According to the charges filed, Blake approached Caldwell, who served as a chauffeur, bodyguard and handyman for the actor, several months before the killing to ask for his help. Caldwell then allegedly began keeping a shopping list of items that might be needed for disposing of a body, including two shovels, a sledgehammer, old rugs, duct tape, Drano, lye and pool acid. In one cryptic passage in the complaint, Caldwell is alleged to have tried to ambush Bakley, jumping out of some bushes and brandishing a gun, while she and Blake walked along a river during a vacation last April. The assumption by Braun and other legal experts is that by charging Caldwell, who police acknowledge was not even in Los Angeles on the night of the murder, prosecutors are hoping he will provide evidence against Blake in return for leniency.

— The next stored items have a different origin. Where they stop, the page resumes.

lemma alt_cycle_rotate:
  assumes "alt_cycle N xs zs" shows "alt_cycle N (rotate r xs) (rotate r zs)"
proof -
  let ?k = "length xs"
  have l: "length zs = ?k" "0 < ?k" using assms by (auto simp: alt_cycle_def)
  have "(r + Suc i mod ?k) mod ?k = Suc ((r + i) mod ?k) mod ?k" for i
    by (metis add_Suc_right mod_Suc_eq mod_add_right_eq)
  then have "rotate r zs ! i \<in> N (rotate r xs ! i) \<and>
      rotate r zs ! i \<in> N (rotate r xs ! (Suc i mod ?k))" if "i < ?k" for i
    using assms that l by (simp add: alt_cycle_def nth_rotate del: rotate_Suc)
  then show ?thesis using assms by (simp add: alt_cycle_def)
qed

lemma alt_cycle_update:
  assumes "alt_cycle N xs zs" "r \<in> N (xs ! i)" "r \<in> N (xs ! (Suc i mod length xs))"
  shows "alt_cycle N xs (zs[i := r])"
proof -
  have "zs[i := r] ! t \<in> N (xs ! t) \<and> zs[i := r] ! t \<in> N (xs ! (Suc t mod length xs))"
    if "t < length xs" for t
    using assms that by (cases "t = i") (auto simp: alt_cycle_def)
  then show ?thesis using assms(1) by (simp add: alt_cycle_def)
qed

lemma alt_cycle_open:
  assumes "alt_cycle N xs zs" "distinct zs" "i < length xs"
  defines "xs' \<equiv> rotate (Suc i) xs" and "ys' \<equiv> butlast (rotate (Suc i) zs)"
  shows "alt_path N xs' ys'" "hd xs' = xs ! (Suc i mod length xs)" "last xs' = xs ! i"
    "set ys' = set zs - {zs ! i}" "distinct ys'"
proof -
  have l: "length zs = length xs" using assms by (simp add: alt_cycle_def)
  show "alt_path N xs' ys'"
    unfolding xs'_def ys'_def by (rule alt_cycle_open_last[OF alt_cycle_rotate[OF assms(1)]])
  have ne: "xs \<noteq> []" "rotate (Suc i) zs \<noteq> []" using assms(3) l by auto
  show "hd xs' = xs ! (Suc i mod length xs)" "last xs' = xs ! i"
    unfolding xs'_def using hd_rotate_conv_nth[OF ne(1)] last_rotate_Suc[OF assms(3)] by (simp_all del: rotate_Suc)
  have "last (rotate (Suc i) zs) = zs ! i" using assms(3) l by (simp add: last_rotate_Suc del: rotate_Suc)
  then have "rotate (Suc i) zs = ys' @ [zs ! i]"
    unfolding ys'_def using ne(2) by (metis append_butlast_last_id)
  then have "distinct (ys' @ [zs ! i])" "set (ys' @ [zs ! i]) = set zs"
    using assms(2) by (metis distinct_rotate, metis set_rotate)
  then show "set ys' = set zs - {zs ! i}" "distinct ys'" by auto
qed

lemma alt_cycle_split:
  assumes c: "alt_cycle N xs zs" "distinct xs" "distinct zs"
    and ij: "i < length xs" "j < length xs" "i \<noteq> j"
  obtains P1 Y1 P2 Y2 where "alt_path N P1 Y1" "alt_path N P2 Y2"
    "hd P1 = xs ! (Suc i mod length xs)" "last P1 = xs ! j"
    "hd P2 = xs ! (Suc j mod length xs)" "last P2 = xs ! i"
    "distinct (P1 @ P2)" "set (P1 @ P2) = set xs"
    "distinct (Y1 @ Y2)" "set (Y1 @ Y2) = set zs - {zs ! i, zs ! j}"
proof -
  let ?k = "length xs"
  define xs' where "xs' = rotate (Suc i) xs"
  define ys' where "ys' = butlast (rotate (Suc i) zs)"
  note opened = alt_cycle_open[OF c(1,3) ij(1), folded xs'_def ys'_def]
  have l: "length zs = ?k" "length xs' = ?k" "length ys' = ?k - 1"
    using c(1) by (simp_all add: alt_cycle_def xs'_def ys'_def)
  have "zs ! j \<in> set ys'" using opened(4) ij l c(3) by (auto simp: nth_eq_iff_index_eq)
  then obtain t where t: "t < length ys'" "ys' ! t = zs ! j" by (auto simp: in_set_conv_nth)
  have "ys' ! t = zs ! ((Suc i + t) mod ?k)"
    using t l by (simp add: ys'_def nth_butlast nth_rotate del: rotate_Suc)
  then have tj: "(Suc i + t) mod ?k = j"
    using t c(3) l ij by (metis mod_less_divisor nth_eq_iff_index_eq zero_less_iff_neq_zero
        not_less_zero)
  have "Suc t < ?k" using t l by simp
  moreover have "Suc (Suc i + t) mod ?k = Suc j mod ?k" using tj by (metis mod_Suc_eq)
  ultimately have at_t: "xs' ! t = xs ! j" "xs' ! Suc t = xs ! (Suc j mod ?k)"
    using tj by (simp_all add: xs'_def nth_rotate del: rotate_Suc)
  define P1 Y1 P2 Y2 where "P1 = take (Suc t) xs'" and "Y1 = take t ys'"
    and "P2 = drop (Suc t) xs'" and "Y2 = drop (Suc t) ys'"
  note parts = alt_path_split[OF opened(1) t(1), folded P1_def Y1_def P2_def Y2_def]
  have P: "P1 @ P2 = xs'" by (simp add: P1_def P2_def)
  have Y: "ys' = Y1 @ zs ! j # Y2"
    unfolding Y1_def Y2_def t(2)[symmetric] using t(1) by (rule id_take_nth_drop)
  show thesis
  proof (rule that[OF parts(1,2)])
    show "hd P1 = xs ! (Suc i mod ?k)" using opened(2) by (simp add: P1_def)
    show "last P1 = xs ! j" "hd P2 = xs ! (Suc j mod ?k)" using parts(3,4) at_t by simp_all
    show "last P2 = xs ! i" using opened(3) \<open>Suc t < ?k\<close> l by (simp add: P2_def)
    show "distinct (P1 @ P2)" "set (P1 @ P2) = set xs" using c(2) by (simp_all add: P xs'_def)
    show "distinct (Y1 @ Y2)" "set (Y1 @ Y2) = set zs - {zs ! i, zs ! j}"
      using opened(4,5) unfolding Y by auto
  qed
qed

It is known that Blake submitted to gunpowder testing on the night of the killing. The results have never been disclosed, and one L.A. criminal attorney suggests that winning a conviction may be more difficult if no traces were found -- good news for Blake, whose lawyers insist that if gunpowder had turned up, the actor would surely have been arrested immediately. All in all, concedes one LAPD homicide detective, the physical evidence may not be quite as airtight as investigators would like. "It's a circumstantial case," he says. Which may place a considerable burden elsewhere, namely on the two men who, according to the complaint, Blake tried to recruit to kill Bakley for him. The court papers do not name the men, who are cooperating with police, but one of them appears to have been Gary McLarty, 61, a well-known Hollywood stuntman who met Blake when they worked on the 1980 movie Coast to Coast. McLarty wasn't talking last week, but his son Cole, 29, also a stuntman, says his father met at a restaurant in the San Fernando Valley with Blake, who "proposed money or something for my dad to do something to his wife. . . . He just left it at that." His father, adds Cole, didn't take the offer seriously: "He just walked out and thought that (Blake) was crazy." Cole says that investigators learned of his father's alleged involvement by tracing Blake's phone calls. But Braun, for one, maintains he is not overly concerned. "It's totally fabricated, or maybe Robert was bemoaning (Bonny) and said something like, 'I could kill the bitch,'" he says. "Being Hollywood, these things get exaggerated."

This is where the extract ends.